● **INSTRUCTIONS FOR THE TASK**:
Each line from the beginning of the data below through the line containing "proof (intro CollectI conjI ballI)" should be repeated exactly, please.

»»

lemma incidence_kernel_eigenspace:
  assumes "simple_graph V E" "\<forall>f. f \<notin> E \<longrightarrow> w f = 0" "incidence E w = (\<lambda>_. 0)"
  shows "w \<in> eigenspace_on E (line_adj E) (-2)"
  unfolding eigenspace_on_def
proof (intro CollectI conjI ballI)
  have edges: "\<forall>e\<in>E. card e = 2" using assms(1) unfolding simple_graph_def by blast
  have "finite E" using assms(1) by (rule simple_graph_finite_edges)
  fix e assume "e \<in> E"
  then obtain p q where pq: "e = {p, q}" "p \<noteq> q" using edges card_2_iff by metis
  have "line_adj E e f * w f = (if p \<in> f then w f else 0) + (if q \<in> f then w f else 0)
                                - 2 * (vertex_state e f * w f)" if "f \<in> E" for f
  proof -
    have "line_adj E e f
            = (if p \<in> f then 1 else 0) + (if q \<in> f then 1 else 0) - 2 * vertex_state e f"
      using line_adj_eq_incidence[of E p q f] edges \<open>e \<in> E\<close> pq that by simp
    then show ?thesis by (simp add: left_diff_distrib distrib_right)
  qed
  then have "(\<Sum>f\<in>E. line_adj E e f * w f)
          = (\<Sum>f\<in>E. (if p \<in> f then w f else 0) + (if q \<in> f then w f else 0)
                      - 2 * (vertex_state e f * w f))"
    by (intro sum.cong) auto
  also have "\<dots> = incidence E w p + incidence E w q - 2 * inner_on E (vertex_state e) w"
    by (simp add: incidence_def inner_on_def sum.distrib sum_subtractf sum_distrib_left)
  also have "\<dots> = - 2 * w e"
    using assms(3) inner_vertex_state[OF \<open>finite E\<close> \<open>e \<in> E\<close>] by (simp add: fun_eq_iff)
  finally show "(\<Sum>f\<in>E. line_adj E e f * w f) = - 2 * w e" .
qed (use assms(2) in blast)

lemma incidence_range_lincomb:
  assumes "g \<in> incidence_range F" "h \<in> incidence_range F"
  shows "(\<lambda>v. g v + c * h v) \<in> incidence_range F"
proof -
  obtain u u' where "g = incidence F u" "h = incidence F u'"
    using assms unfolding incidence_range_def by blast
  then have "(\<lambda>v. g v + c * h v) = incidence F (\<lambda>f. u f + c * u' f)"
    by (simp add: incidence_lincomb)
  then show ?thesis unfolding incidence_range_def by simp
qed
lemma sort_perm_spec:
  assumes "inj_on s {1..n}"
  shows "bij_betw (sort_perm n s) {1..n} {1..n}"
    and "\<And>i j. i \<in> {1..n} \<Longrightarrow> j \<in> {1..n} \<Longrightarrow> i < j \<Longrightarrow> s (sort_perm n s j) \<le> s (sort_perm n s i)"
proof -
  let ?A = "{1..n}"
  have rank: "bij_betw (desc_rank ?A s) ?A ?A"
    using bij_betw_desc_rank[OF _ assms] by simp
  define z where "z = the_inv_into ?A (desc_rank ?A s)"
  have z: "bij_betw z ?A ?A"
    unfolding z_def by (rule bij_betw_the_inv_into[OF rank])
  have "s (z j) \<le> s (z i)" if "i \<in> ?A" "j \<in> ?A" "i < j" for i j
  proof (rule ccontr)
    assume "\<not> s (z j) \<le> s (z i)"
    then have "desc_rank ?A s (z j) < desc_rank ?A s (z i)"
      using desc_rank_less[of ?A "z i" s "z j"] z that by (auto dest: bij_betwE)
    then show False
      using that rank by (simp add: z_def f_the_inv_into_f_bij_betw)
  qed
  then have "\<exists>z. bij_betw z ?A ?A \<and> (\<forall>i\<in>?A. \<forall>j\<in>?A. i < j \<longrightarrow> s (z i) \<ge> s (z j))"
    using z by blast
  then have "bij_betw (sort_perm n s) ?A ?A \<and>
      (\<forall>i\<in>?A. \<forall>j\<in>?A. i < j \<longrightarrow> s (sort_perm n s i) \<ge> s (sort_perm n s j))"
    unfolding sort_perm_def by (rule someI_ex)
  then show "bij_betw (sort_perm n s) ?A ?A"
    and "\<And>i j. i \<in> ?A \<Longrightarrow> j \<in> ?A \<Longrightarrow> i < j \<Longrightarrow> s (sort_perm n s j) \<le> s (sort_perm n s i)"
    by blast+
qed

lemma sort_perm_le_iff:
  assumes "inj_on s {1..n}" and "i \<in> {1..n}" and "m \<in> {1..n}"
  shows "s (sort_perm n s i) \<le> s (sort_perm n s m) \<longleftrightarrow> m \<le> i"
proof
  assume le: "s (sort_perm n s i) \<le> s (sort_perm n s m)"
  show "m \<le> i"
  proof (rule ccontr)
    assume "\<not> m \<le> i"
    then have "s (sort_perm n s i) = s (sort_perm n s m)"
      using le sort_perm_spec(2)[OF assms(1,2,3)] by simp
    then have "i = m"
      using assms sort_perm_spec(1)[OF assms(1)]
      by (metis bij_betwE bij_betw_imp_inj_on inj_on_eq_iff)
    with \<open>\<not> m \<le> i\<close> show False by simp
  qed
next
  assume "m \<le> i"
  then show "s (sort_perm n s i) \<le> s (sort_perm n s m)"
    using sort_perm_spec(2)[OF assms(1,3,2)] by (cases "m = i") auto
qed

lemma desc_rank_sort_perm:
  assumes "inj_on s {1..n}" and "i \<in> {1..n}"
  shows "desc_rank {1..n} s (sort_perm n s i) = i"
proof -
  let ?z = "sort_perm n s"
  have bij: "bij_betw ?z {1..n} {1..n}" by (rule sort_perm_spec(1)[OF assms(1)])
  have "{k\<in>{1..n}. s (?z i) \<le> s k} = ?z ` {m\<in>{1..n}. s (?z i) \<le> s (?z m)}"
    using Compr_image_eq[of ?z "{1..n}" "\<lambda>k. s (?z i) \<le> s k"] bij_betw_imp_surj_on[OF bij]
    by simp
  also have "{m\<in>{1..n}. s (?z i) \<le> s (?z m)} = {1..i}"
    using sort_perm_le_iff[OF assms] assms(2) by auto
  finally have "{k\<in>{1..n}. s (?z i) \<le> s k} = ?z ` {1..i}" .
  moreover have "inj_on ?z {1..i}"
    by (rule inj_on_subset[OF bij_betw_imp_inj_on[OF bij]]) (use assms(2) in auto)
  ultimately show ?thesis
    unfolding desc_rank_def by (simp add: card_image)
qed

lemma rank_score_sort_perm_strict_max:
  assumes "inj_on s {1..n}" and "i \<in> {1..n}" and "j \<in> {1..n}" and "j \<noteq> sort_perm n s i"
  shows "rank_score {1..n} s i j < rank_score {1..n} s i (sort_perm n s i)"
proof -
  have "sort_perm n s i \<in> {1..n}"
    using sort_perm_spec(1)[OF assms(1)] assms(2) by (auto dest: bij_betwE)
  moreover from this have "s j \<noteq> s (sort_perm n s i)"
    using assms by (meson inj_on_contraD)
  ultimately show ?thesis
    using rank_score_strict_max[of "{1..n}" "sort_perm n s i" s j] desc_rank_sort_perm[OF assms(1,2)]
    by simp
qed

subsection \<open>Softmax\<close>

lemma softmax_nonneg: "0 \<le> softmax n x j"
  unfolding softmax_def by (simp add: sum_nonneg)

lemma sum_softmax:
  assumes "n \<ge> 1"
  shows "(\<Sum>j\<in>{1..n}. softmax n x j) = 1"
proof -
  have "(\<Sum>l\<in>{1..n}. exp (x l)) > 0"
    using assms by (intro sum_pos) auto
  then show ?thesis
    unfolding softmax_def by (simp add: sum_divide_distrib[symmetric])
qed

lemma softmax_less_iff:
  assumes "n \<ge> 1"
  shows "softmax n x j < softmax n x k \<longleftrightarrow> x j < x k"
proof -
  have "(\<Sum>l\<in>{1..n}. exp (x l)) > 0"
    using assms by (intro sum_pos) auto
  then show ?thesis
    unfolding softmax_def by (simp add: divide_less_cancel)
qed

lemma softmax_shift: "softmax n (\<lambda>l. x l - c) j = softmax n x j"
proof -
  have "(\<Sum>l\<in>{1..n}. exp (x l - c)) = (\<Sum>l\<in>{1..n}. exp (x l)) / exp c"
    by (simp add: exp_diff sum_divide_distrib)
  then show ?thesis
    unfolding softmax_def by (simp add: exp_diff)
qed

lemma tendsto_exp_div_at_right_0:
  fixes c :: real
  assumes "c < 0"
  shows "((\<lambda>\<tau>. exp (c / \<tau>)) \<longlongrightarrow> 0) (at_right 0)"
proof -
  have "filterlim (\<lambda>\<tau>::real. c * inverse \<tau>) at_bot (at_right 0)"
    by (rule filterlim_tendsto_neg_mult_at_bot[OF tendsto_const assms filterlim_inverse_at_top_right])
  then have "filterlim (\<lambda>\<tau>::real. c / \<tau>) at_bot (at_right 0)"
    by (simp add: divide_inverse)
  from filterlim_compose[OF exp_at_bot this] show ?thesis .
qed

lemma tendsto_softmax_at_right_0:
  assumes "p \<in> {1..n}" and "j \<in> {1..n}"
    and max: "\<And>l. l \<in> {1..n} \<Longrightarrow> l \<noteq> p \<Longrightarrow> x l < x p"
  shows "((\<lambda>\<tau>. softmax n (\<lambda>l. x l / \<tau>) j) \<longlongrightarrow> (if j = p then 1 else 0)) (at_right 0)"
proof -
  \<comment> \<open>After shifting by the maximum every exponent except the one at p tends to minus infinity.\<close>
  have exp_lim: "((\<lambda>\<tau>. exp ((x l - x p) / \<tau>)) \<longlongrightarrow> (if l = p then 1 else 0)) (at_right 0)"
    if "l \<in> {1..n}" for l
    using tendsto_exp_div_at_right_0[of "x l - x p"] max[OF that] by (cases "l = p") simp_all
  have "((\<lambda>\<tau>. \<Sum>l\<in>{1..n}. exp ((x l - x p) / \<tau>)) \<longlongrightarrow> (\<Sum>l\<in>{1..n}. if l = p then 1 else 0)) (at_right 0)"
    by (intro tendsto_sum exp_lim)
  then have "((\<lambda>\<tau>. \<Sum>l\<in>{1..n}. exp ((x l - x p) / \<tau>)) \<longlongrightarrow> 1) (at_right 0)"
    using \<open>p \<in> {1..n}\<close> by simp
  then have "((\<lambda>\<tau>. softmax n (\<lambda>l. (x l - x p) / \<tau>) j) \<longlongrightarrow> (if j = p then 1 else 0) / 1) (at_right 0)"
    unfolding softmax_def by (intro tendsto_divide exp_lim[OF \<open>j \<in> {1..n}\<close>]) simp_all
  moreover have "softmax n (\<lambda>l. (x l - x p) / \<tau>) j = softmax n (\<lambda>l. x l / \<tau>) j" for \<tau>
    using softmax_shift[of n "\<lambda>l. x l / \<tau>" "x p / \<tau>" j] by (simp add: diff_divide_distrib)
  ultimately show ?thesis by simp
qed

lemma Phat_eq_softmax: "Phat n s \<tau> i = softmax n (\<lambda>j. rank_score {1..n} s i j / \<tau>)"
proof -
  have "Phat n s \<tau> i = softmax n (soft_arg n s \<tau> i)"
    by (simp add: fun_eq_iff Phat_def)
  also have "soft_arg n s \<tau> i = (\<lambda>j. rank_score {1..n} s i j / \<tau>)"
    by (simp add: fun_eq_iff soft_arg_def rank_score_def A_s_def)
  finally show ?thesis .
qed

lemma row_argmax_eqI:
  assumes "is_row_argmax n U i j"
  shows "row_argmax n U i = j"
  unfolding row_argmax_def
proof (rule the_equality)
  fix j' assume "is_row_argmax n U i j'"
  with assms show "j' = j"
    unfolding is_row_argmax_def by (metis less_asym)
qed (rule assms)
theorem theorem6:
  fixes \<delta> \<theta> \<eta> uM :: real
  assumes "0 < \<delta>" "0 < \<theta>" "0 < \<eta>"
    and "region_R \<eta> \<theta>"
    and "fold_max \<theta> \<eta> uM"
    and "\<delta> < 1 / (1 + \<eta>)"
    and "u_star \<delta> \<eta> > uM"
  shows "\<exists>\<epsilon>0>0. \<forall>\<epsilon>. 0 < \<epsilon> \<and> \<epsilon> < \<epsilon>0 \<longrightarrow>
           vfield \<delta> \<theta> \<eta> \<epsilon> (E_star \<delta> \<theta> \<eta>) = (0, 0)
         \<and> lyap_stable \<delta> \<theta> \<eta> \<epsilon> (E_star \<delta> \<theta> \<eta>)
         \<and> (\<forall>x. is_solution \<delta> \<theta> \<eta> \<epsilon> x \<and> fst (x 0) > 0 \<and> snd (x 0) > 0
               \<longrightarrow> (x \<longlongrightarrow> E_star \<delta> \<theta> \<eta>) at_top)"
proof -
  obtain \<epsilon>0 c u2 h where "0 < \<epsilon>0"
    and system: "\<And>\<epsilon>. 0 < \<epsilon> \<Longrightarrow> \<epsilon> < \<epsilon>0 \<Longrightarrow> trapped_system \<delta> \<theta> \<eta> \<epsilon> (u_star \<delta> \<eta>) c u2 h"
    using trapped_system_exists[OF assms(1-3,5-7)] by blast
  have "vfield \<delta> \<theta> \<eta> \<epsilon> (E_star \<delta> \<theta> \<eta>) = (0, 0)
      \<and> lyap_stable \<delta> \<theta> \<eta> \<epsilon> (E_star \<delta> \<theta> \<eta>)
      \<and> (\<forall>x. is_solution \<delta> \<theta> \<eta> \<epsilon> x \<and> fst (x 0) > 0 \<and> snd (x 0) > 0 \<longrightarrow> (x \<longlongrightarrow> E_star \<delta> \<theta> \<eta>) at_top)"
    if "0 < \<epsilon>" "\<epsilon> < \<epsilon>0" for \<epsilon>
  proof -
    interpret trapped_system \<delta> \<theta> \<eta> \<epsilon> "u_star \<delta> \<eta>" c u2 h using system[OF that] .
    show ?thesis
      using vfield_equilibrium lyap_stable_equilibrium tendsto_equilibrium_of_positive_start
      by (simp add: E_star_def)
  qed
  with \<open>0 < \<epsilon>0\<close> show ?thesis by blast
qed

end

««

● **EXERCISE RESPONSE**:
lemma incidence_kernel_eigenspace:
  assumes "simple_graph V E" "\<forall>f. f \<notin> E \<longrightarrow> w f = 0" "incidence E w = (\<lambda>_. 0)"
  shows "w \<in> eigenspace_on E (line_adj E) (-2)"
  unfolding eigenspace_on_def
proof (intro CollectI conjI ballI)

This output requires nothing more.